We’re big fans of GitHub. There are a lot of things to like about the company and the fantastic service they’ve built. However, one of the things we’ve come to admire most about GitHub is their pricing model.

If you’re giving back to the community by making your work public, you can use GitHub for free. It’s a great approach that drives tremendous benefits to the GitHub community.

Starting today, Mortar is following GitHub’s lead in supporting those who contribute to the data science community.

If you’re improving the data science community by allowing your Mortar projects to be seen and forked by the public, we will support you by providing free access to our complete platform (including unlimited development time, up to 25 public projects, and email support). In short, you’ll pay nothing beyond Amazon Web Services’ standard Elastic MapReduce fees if you decide to run a job.

A good illustration of the difference between talking about ethics (Ethics of Big Data?) and acting ethically.

Acting ethically benefits the community.

Government grants to discuss ethics, well, you know who benefits from that.

Ethics of Big Data?

Tuesday, November 19th, 2013

The ethics of big data: A council forms to help researchers avoid pratfalls by Jordan Novet.

From the post:

Big data isn’t just something for tech companies to talk about. Researchers and academics are forming a council to analyze the hot technology category from legal, ethical, and political angles.

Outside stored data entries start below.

(* Let $n=p'^{\,2}q$ where $p',q$ are distinct primes both at least $7$, and let $A=S(n)$. Then $D_A(n)=5$.
   Context: $\mathbb{Z}_n$ is the integers mod $n$, $U(n)$ its unit group. For nonempty $A\subseteq\mathbb{Z}_n\setminus\{0\}$, a sequence $(x_1,\ldots,x_k)$ is an $A$-weighted zero-sum sequence if $\sum a_ix_i=0$ for some $a_i\in A$; $D_A(n)$ is the least $k$ such that every length-$k$ sequence in $\mathbb{Z}_n$ has a nonempty $A$-weighted zero-sum subsequence. For odd $n=\prod p_i^{r_i}$ and $a\in U(n)$, $\left(\frac{a}{n}\right)=\prod\left(\frac{a}{p_i}\right)^{r_i}$ (Legendre symbols of images mod $p_i$), and $S(n)$ is the kernel of $a\mapsto\left(\frac{a}{n}\right)$ on $U(n)$. *)

theory Defs
  imports "HOL-Number_Theory.Number_Theory"
begin

text \<open>Z_n is represented by the residues {0..<n} (as naturals).
  A sequence of length k in Z_n is a list xs of residues with length xs = k.\<close>

definition has_weighted_zs_subseq :: "nat \<Rightarrow> nat set \<Rightarrow> nat list \<Rightarrow> bool" where
  "has_weighted_zs_subseq n A xs \<longleftrightarrow>
     (\<exists>I a. I \<subseteq> {..<length xs} \<and> I \<noteq> {} \<and> (\<forall>i\<in>I. a i \<in> A) \<and>
            (\<Sum>i\<in>I. a i * xs ! i) mod n = 0)"

definition davenport_weighted :: "nat \<Rightarrow> nat set \<Rightarrow> nat" where
  "davenport_weighted n A =
     (LEAST k. \<forall>xs. length xs = k \<and> set xs \<subseteq> {0..<n} \<longrightarrow> has_weighted_zs_subseq n A xs)"

definition gen_symbol :: "nat \<Rightarrow> nat \<Rightarrow> int" where
  "gen_symbol a n = (\<Prod>p\<in>prime_factors n. Legendre (int a) (int p) ^ multiplicity p n)"

definition S_set :: "nat \<Rightarrow> nat set" where
  "S_set n = {a \<in> {0..<n}. coprime a n \<and> gen_symbol a n = 1}"

end

theory Submission
  imports Defs
begin

(* By the Chinese remainder theorem an element of S(p^2 q) is the same as a pair consisting of
   a unit modulo p^2 and a nonzero quadratic residue modulo q.  Hence a subsequence has an
   S(p^2 q)-weighted zero sum as soon as it has a unit-weighted zero sum modulo p^2 and a
   residue-weighted zero sum modulo q.  Modulo p^2 this holds when all terms vanish or when the
   least p-adic valuation (0 or 1) is attained twice, since two units reach every class.  Modulo
   q (q >= 7) every nonzero class is a sum of two residues, so three terms prime to q reach every
   class, and terms divisible by q are harmless.  A case analysis on five terms always yields a
   subsequence with both properties.  Conversely, for a nonresidue r the sequence
   q, p q, p^2, (q - r) p^2 has no zero sum: modulo q the weights of the last two terms would
   need opposite symbols, and then modulo p^2 those of the first two would be divisible by p. *)

section \<open>Legendre symbols and sums of quadratic residues\<close>

lemma Legendre_cong:
  assumes "[a = b] (mod m)"
  shows "Legendre a m = Legendre b m"
proof -
  have "[a = 0] (mod m) \<longleftrightarrow> [b = 0] (mod m)" and "QuadRes m a \<longleftrightarrow> QuadRes m b"
    using assms cong_sym cong_trans unfolding QuadRes_def by blast+
  then show ?thesis
    unfolding Legendre_def by simp
qed

lemma Legendre_eq_0_iff: "Legendre a m = 0 \<longleftrightarrow> m dvd a"
  unfolding Legendre_def by (auto simp: cong_0_iff)

lemma Legendre_cases: "\<not> m dvd a \<Longrightarrow> Legendre a m = 1 \<or> Legendre a m = -1"
  unfolding Legendre_def by (auto simp: cong_0_iff)

lemma Legendre_one: "1 < m \<Longrightarrow> Legendre 1 m = 1"
  unfolding Legendre_def QuadRes_def by (auto simp: cong_def intro!: exI[of _ 1])

lemma Legendre_square: "prime p \<Longrightarrow> \<not> p dvd a \<Longrightarrow> Legendre (a^2) p = 1"
  unfolding Legendre_def QuadRes_def
  by (auto simp: cong_0_iff prime_dvd_power_iff intro!: exI[of _ a])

The researchers decided to create the council in response to a request from the National Science Foundation (NSF) for “innovation projects” involving big data.

The Council for Big Data, Ethics, and Society will convene for the first time next year, with some level of participation from the NSF. Alongside Microsoft researchers Kate Crawford and Danah Boyd, two computer-science-savvy professors will co-direct the council: Geoffrey Bowker from the University of California, Irvine, and Helen Nissenbaum of New York University.

Through “public commentary, events, white papers, and direct engagement with data analytics projects,” the council will “address issues such as security, privacy, equality, and access in order to help guard against the repetition of known mistakes and inadequate preparation,” according to a fact sheet the White House released on Tuesday.

“We’re doing all of these major investments in next-generation internet (projects), in big data,” Fen Zhao, an NSF staff associate, told VentureBeat in a phone interview. “How do we in the research-and-development phase make sure they’re aware and cognizant of any issues that may come up?”

Odd that I should encounter this just after seeing the latest NSA surveillance news.

Everyone cites the Tuskegee syphilis study as an example of research with ethical lapses.

Tuskegee is only one of many ethical lapses in American history. I think hounding native Americans to near extermination would make a list of moral lapses. But, that was more application than research.

It doesn’t require training in ethics to know Tuskegee and the treatment of native Americans were wrong.

And whatever “ethics” come out of this study are likely to resemble the definition of a prisoner of war as defined in Geneva Convention (III), Article 4(a)(2)

(2) Members of other militias and members of other volunteer corps, 
including those of organized resistance movements, belonging to a 
Party to the conflict and operating in or outside their own territory, 
even if this territory is occupied, provided that such militias or 
volunteer corps, including such organized resistance movements, 
fulfill the following conditions:

(a) that of being commanded by a person responsible for his 

(b) that of having a fixed distinctive sign recognizable at a distance;

(c) that of carrying arms openly;

(d) that of conducting their operations in accordance with the laws 
and customs of war.

That may seem neutral on its face, but it’s fair to say that major nation states and not groups that have differences with them are likely to meet those requirements.

In fact, the Laws of War Deskbook argues in part that members of the Taliban had no distinctive uniforms and thus no POW status. (At page 79, footnote 31.)

The point being discussion of ethics should be in concrete cases, so we can judge who will win and who will lose.

Otherwise you will have general principles of ethics that favor the rule makers.